**TASK DESCRIPTION**:
Of all the lines in the entries below, give again exactly those starting at the line containing "by (rule infsetsum_reindex_bij_betw[OF" and ending at the line containing "(dlap_pmf b) k", both ends included, and no others.

(Collected data)
•••••

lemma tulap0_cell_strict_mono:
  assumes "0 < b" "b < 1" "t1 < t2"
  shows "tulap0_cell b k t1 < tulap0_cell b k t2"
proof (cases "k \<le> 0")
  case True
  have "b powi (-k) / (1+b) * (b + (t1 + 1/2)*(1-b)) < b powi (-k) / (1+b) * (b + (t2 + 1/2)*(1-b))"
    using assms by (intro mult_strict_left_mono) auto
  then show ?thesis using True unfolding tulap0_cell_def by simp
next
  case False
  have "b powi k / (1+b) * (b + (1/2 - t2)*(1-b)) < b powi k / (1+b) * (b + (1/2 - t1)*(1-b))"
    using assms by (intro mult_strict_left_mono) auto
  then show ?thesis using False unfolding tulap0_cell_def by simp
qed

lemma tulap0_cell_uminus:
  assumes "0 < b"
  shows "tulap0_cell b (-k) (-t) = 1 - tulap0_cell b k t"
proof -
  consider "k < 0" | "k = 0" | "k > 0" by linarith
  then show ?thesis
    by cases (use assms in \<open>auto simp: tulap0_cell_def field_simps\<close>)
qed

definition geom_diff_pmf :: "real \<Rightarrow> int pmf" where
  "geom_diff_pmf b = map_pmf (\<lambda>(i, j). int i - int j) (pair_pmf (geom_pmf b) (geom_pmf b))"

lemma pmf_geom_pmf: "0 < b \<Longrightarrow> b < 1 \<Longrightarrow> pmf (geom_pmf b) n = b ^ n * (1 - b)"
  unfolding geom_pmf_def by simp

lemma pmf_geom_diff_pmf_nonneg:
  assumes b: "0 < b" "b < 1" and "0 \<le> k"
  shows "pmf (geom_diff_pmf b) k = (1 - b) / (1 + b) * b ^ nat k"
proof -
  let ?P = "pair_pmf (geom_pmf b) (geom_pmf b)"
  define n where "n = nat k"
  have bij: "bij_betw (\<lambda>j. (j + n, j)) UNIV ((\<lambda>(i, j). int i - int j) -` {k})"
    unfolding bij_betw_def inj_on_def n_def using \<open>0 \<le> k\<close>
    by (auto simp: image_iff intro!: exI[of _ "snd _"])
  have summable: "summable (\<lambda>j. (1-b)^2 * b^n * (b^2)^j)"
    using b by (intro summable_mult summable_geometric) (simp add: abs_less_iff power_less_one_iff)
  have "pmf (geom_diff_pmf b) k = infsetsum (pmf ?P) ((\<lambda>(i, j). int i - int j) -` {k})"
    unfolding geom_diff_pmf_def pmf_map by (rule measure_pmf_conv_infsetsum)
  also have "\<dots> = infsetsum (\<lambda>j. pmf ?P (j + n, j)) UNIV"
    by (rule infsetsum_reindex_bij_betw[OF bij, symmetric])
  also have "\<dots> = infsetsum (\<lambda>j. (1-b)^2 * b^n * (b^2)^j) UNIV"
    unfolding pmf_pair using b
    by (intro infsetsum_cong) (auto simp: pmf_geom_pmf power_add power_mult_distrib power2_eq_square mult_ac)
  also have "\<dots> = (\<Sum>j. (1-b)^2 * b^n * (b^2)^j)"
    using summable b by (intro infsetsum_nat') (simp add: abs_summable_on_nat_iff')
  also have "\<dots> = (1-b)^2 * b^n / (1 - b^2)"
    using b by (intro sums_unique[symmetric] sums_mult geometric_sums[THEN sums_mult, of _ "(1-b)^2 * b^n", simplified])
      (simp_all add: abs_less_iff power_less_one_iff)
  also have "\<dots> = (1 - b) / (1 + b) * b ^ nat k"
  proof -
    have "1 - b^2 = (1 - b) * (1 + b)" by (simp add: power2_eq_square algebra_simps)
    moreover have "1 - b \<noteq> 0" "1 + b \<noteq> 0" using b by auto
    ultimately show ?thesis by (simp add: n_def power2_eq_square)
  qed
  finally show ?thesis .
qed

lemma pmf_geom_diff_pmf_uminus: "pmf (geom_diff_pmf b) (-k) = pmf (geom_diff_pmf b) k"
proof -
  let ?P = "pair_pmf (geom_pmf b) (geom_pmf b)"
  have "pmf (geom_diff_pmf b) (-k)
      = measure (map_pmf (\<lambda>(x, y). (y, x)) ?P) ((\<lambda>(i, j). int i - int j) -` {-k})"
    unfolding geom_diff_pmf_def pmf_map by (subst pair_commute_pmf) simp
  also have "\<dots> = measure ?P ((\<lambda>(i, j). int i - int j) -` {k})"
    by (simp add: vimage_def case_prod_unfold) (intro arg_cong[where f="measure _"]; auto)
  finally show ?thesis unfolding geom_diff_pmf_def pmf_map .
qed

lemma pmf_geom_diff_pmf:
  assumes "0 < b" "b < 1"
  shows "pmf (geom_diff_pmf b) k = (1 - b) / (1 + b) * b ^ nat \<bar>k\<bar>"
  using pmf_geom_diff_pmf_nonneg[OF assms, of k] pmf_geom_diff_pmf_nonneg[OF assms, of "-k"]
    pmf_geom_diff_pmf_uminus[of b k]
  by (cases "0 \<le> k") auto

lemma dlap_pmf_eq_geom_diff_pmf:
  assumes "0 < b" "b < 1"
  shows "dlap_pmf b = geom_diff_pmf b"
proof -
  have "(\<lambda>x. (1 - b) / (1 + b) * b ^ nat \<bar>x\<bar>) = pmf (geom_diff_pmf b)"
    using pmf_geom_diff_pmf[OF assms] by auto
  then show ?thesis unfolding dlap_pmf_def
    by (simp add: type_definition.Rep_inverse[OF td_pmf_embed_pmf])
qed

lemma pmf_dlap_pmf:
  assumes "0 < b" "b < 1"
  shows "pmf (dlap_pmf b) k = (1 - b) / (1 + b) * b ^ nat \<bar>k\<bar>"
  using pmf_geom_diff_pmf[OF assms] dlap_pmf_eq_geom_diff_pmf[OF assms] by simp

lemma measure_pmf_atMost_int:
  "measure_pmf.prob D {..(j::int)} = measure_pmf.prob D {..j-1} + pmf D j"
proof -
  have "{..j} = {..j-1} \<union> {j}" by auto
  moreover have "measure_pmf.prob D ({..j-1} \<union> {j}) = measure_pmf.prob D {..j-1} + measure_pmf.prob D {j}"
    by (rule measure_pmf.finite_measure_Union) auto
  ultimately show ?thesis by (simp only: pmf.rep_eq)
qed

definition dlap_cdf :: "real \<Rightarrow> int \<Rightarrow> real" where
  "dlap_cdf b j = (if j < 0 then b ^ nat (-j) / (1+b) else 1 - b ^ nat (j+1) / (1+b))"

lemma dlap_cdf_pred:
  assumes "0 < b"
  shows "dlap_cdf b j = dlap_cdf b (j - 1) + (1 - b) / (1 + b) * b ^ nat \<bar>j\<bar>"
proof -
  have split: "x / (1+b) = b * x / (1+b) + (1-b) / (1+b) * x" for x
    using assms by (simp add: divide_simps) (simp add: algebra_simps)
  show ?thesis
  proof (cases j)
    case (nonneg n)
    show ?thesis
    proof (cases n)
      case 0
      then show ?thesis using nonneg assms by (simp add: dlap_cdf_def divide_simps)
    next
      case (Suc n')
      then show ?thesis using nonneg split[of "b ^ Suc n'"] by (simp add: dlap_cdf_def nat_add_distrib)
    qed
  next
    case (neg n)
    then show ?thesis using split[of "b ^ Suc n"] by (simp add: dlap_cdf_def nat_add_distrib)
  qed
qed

•••••

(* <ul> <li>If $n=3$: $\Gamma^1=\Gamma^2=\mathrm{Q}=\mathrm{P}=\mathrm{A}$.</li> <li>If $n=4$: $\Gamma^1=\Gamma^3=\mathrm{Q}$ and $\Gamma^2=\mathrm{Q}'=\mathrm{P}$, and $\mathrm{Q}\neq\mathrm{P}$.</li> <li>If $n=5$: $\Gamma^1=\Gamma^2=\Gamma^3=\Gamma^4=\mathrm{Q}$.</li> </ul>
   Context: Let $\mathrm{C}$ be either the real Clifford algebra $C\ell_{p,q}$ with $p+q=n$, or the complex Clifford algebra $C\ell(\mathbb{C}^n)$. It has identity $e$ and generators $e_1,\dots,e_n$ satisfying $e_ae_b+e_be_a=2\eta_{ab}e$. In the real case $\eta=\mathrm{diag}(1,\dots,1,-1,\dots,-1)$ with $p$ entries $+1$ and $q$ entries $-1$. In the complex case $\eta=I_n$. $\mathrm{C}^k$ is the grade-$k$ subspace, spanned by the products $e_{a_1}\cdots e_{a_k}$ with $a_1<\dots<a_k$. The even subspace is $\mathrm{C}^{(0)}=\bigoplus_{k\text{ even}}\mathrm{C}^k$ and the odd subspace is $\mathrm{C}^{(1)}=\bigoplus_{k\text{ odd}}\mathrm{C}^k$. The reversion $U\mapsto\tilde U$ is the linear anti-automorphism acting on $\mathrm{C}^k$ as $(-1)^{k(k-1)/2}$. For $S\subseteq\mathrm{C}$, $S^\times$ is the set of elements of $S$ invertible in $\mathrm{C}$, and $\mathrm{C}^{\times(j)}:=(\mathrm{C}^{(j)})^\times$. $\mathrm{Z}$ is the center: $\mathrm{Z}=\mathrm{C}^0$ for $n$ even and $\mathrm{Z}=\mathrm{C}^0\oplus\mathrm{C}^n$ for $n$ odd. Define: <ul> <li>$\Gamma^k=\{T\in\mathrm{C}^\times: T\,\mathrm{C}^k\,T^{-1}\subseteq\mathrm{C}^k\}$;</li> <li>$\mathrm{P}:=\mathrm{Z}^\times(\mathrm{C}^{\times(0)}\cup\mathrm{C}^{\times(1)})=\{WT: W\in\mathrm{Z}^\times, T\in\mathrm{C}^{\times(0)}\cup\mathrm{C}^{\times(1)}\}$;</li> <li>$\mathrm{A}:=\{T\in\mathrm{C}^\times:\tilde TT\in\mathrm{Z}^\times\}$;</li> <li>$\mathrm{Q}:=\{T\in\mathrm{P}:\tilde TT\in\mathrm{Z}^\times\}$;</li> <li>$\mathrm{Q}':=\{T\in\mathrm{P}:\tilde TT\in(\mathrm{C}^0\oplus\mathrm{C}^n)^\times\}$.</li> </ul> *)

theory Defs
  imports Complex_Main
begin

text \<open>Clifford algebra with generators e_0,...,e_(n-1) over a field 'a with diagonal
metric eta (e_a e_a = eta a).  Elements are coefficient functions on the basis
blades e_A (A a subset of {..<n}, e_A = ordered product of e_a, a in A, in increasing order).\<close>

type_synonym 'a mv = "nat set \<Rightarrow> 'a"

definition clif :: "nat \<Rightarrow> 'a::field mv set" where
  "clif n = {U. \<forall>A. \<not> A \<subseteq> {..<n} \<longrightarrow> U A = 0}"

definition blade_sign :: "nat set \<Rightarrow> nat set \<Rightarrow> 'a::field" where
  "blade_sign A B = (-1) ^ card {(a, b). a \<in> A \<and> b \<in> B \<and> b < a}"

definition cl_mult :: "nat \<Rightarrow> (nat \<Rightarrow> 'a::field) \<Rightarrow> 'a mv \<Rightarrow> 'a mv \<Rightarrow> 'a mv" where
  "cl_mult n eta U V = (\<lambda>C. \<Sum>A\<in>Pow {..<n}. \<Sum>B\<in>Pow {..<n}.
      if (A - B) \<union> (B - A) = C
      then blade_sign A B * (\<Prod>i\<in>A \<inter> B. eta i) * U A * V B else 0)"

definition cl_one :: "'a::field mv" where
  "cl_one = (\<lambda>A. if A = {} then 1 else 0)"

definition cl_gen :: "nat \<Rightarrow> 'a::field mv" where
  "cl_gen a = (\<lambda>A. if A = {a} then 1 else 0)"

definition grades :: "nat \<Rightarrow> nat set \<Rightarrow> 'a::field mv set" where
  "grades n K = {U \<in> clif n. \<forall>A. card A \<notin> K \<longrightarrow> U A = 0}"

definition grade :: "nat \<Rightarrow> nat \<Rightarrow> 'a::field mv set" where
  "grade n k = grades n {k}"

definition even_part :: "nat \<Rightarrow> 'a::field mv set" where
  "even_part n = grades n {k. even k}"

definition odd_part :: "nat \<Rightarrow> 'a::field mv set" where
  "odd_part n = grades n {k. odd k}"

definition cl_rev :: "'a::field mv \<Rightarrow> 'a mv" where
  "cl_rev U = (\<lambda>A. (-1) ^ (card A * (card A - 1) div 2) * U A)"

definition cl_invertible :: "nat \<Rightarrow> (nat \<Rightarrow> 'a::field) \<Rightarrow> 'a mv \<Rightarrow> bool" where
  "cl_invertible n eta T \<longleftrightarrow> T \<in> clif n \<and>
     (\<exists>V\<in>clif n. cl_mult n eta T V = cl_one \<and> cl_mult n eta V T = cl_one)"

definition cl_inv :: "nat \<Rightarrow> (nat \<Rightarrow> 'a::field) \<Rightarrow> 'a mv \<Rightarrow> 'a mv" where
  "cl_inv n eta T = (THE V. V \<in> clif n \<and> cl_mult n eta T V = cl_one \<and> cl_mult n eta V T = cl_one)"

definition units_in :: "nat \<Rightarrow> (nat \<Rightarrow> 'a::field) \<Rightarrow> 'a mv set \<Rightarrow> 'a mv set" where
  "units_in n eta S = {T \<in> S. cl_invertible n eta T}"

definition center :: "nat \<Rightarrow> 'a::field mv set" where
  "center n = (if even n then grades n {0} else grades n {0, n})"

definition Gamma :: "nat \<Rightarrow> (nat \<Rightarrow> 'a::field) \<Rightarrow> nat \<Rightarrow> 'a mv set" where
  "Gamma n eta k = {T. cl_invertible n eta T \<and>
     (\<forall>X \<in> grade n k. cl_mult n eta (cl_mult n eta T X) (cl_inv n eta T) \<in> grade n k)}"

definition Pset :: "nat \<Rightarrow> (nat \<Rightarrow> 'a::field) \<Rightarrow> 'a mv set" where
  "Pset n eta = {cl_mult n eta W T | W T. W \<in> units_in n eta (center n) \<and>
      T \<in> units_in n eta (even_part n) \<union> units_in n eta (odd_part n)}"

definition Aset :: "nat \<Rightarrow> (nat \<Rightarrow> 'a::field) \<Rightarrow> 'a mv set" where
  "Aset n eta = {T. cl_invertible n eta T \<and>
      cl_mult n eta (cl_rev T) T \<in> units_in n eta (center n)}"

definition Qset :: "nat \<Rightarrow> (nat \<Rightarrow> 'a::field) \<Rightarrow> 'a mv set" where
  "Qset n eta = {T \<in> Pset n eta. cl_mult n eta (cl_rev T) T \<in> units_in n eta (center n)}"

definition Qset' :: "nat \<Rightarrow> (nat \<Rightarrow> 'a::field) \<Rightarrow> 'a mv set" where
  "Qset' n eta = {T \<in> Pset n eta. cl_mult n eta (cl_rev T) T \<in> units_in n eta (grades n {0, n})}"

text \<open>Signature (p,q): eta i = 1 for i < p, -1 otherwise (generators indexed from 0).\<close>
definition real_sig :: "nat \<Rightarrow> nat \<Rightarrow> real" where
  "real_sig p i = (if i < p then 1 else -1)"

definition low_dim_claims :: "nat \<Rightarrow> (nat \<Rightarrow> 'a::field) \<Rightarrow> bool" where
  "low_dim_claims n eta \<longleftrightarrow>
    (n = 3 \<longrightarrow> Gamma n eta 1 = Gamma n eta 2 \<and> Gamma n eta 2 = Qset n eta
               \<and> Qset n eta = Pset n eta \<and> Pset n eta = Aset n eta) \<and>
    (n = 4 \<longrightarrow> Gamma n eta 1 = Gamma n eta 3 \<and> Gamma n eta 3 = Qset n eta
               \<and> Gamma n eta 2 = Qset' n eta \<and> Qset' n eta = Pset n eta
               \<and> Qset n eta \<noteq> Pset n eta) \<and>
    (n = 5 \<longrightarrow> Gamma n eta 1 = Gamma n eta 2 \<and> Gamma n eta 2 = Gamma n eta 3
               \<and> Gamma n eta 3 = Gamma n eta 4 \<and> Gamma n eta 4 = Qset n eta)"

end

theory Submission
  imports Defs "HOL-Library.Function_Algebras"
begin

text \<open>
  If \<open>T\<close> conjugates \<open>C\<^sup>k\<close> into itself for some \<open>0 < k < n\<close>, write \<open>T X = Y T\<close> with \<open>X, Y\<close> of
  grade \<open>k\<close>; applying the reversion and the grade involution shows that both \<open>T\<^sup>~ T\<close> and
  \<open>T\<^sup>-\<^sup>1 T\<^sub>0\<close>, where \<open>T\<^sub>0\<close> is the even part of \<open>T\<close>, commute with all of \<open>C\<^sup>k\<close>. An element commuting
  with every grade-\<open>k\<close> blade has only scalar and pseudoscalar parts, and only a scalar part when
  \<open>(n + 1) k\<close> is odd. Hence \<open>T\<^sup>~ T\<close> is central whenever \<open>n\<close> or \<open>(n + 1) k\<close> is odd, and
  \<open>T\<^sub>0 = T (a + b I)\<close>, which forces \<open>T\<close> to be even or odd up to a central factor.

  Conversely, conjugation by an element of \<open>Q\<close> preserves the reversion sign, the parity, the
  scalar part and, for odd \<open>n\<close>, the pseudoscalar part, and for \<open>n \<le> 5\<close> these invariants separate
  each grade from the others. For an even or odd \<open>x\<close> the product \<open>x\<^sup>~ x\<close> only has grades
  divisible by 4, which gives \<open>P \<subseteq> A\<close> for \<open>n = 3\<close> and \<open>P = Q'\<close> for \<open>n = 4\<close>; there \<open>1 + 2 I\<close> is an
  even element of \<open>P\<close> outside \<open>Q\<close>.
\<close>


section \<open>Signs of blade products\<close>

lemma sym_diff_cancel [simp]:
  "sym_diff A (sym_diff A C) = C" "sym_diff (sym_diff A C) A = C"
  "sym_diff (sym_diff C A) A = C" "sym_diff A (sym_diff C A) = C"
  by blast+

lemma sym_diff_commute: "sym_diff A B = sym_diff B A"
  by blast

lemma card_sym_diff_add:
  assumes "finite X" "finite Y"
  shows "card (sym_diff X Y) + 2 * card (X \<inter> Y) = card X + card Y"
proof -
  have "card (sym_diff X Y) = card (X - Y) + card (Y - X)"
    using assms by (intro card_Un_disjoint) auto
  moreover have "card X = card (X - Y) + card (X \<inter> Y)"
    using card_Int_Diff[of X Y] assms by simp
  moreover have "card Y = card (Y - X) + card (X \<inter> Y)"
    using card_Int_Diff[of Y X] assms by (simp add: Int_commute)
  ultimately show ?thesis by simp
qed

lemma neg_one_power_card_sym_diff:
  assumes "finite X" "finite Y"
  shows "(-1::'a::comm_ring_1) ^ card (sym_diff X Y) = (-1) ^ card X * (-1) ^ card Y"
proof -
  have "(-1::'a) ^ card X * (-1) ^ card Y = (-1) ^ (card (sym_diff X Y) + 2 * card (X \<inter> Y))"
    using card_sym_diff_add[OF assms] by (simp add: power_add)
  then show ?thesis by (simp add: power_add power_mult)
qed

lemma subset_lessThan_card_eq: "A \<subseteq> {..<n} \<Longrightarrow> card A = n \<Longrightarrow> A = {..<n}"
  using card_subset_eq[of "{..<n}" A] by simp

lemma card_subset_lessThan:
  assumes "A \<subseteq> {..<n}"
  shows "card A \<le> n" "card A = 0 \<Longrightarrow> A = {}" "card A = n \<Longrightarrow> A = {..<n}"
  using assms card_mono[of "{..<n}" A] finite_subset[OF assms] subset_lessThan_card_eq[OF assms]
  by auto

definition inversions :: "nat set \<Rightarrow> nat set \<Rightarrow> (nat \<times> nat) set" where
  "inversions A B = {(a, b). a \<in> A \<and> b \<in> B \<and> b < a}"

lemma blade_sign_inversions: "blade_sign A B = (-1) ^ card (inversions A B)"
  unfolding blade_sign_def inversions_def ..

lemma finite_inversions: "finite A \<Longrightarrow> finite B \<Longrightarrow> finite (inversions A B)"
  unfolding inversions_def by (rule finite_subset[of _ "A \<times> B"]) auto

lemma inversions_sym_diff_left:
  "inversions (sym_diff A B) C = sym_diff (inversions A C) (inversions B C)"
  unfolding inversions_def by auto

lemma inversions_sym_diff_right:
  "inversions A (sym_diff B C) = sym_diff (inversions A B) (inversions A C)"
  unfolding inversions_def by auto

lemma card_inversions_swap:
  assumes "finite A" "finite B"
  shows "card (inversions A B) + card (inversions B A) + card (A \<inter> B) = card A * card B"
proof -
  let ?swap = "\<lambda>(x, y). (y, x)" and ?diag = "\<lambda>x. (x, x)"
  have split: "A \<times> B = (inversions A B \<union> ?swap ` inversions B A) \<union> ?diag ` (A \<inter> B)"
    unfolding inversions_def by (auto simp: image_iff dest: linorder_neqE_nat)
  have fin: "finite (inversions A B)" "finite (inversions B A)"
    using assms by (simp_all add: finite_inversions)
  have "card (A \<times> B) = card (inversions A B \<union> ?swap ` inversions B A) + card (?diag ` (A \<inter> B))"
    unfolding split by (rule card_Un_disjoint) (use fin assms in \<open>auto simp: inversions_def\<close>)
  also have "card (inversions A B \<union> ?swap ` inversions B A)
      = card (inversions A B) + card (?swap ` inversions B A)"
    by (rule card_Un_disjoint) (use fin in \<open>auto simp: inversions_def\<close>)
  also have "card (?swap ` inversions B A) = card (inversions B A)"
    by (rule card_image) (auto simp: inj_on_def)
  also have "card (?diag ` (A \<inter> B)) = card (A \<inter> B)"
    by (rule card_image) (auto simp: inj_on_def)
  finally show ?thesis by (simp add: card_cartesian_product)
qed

•••••

**REPLY TO THE TASK**:
    by (rule infsetsum_reindex_bij_betw[OF bij, symmetric])
  also have "\<dots> = infsetsum (\<lambda>j. (1-b)^2 * b^n * (b^2)^j) UNIV"
    unfolding pmf_pair using b
    by (intro infsetsum_cong) (auto simp: pmf_geom_pmf power_add power_mult_distrib power2_eq_square mult_ac)
  also have "\<dots> = (\<Sum>j. (1-b)^2 * b^n * (b^2)^j)"
    using summable b by (intro infsetsum_nat') (simp add: abs_summable_on_nat_iff')
  also have "\<dots> = (1-b)^2 * b^n / (1 - b^2)"
    using b by (intro sums_unique[symmetric] sums_mult geometric_sums[THEN sums_mult, of _ "(1-b)^2 * b^n", simplified])
      (simp_all add: abs_less_iff power_less_one_iff)
  also have "\<dots> = (1 - b) / (1 + b) * b ^ nat k"
  proof -
    have "1 - b^2 = (1 - b) * (1 + b)" by (simp add: power2_eq_square algebra_simps)
    moreover have "1 - b \<noteq> 0" "1 + b \<noteq> 0" using b by auto
    ultimately show ?thesis by (simp add: n_def power2_eq_square)
  qed
  finally show ?thesis .
qed

lemma pmf_geom_diff_pmf_uminus: "pmf (geom_diff_pmf b) (-k) = pmf (geom_diff_pmf b) k"
proof -
  let ?P = "pair_pmf (geom_pmf b) (geom_pmf b)"
  have "pmf (geom_diff_pmf b) (-k)
      = measure (map_pmf (\<lambda>(x, y). (y, x)) ?P) ((\<lambda>(i, j). int i - int j) -` {-k})"
    unfolding geom_diff_pmf_def pmf_map by (subst pair_commute_pmf) simp
  also have "\<dots> = measure ?P ((\<lambda>(i, j). int i - int j) -` {k})"
    by (simp add: vimage_def case_prod_unfold) (intro arg_cong[where f="measure _"]; auto)
  finally show ?thesis unfolding geom_diff_pmf_def pmf_map .
qed

lemma pmf_geom_diff_pmf:
  assumes "0 < b" "b < 1"
  shows "pmf (geom_diff_pmf b) k = (1 - b) / (1 + b) * b ^ nat \<bar>k\<bar>"
  using pmf_geom_diff_pmf_nonneg[OF assms, of k] pmf_geom_diff_pmf_nonneg[OF assms, of "-k"]
    pmf_geom_diff_pmf_uminus[of b k]
  by (cases "0 \<le> k") auto

lemma dlap_pmf_eq_geom_diff_pmf:
  assumes "0 < b" "b < 1"
  shows "dlap_pmf b = geom_diff_pmf b"
proof -
  have "(\<lambda>x. (1 - b) / (1 + b) * b ^ nat \<bar>x\<bar>) = pmf (geom_diff_pmf b)"
    using pmf_geom_diff_pmf[OF assms] by auto
  then show ?thesis unfolding dlap_pmf_def
    by (simp add: type_definition.Rep_inverse[OF td_pmf_embed_pmf])
qed

lemma pmf_dlap_pmf:
  assumes "0 < b" "b < 1"
  shows "pmf (dlap_pmf b) k = (1 - b) / (1 + b) * b ^ nat \<bar>k\<bar>"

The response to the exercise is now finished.